::: RECORDS FOR PROCESSING

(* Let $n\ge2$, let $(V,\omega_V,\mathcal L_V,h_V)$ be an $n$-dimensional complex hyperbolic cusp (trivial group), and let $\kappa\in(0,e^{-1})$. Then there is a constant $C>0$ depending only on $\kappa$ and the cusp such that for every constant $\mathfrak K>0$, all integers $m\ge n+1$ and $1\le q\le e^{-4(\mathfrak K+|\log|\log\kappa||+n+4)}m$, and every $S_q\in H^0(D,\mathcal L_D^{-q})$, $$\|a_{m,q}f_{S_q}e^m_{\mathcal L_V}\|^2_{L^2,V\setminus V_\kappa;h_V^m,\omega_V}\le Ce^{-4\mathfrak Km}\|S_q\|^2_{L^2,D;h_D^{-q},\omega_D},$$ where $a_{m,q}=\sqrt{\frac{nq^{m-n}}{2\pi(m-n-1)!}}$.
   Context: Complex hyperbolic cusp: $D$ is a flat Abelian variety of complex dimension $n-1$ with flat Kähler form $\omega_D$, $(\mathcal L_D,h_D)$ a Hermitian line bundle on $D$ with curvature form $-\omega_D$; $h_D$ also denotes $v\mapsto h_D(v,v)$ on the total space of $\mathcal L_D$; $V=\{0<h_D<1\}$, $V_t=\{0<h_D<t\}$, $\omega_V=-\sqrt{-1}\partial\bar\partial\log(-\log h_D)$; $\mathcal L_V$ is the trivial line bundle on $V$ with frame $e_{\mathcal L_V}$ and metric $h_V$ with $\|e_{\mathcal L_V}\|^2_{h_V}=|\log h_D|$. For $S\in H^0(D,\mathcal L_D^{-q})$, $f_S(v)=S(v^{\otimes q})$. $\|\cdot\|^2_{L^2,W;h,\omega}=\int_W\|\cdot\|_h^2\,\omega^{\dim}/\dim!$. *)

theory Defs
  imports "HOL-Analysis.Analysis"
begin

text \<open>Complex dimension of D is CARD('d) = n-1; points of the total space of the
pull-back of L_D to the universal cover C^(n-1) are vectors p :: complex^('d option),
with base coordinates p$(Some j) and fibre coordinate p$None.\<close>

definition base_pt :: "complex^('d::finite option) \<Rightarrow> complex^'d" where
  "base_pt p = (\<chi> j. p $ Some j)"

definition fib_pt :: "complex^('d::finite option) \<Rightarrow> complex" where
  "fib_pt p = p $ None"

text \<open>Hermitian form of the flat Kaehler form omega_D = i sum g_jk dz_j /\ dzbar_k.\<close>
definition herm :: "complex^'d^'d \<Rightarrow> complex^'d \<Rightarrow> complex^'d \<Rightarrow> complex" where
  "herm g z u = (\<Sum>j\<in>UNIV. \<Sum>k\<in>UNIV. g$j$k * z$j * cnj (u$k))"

::::::

• _THE TASK_: Only the lines above starting at the line that holds "with base coordinates" and ending at the line that holds "complex^'d \<Rightarrow> complex^'d" are to be repeated, exactly and in full.

• _SOLUTION FOR THIS PROBLEM_:
with base coordinates p$(Some j) and fibre coordinate p$None.\<close>

definition base_pt :: "complex^('d::finite option) \<Rightarrow> complex^'d" where
  "base_pt p = (\<chi> j. p $ Some j)"

definition fib_pt :: "complex^('d::finite option) \<Rightarrow> complex" where
  "fib_pt p = p $ None"

text \<open>Hermitian form of the flat Kaehler form omega_D = i sum g_jk dz_j /\ dzbar_k.\<close>
definition herm :: "complex^'d^'d \<Rightarrow> complex^'d \<Rightarrow> complex^'d \<Rightarrow> complex" where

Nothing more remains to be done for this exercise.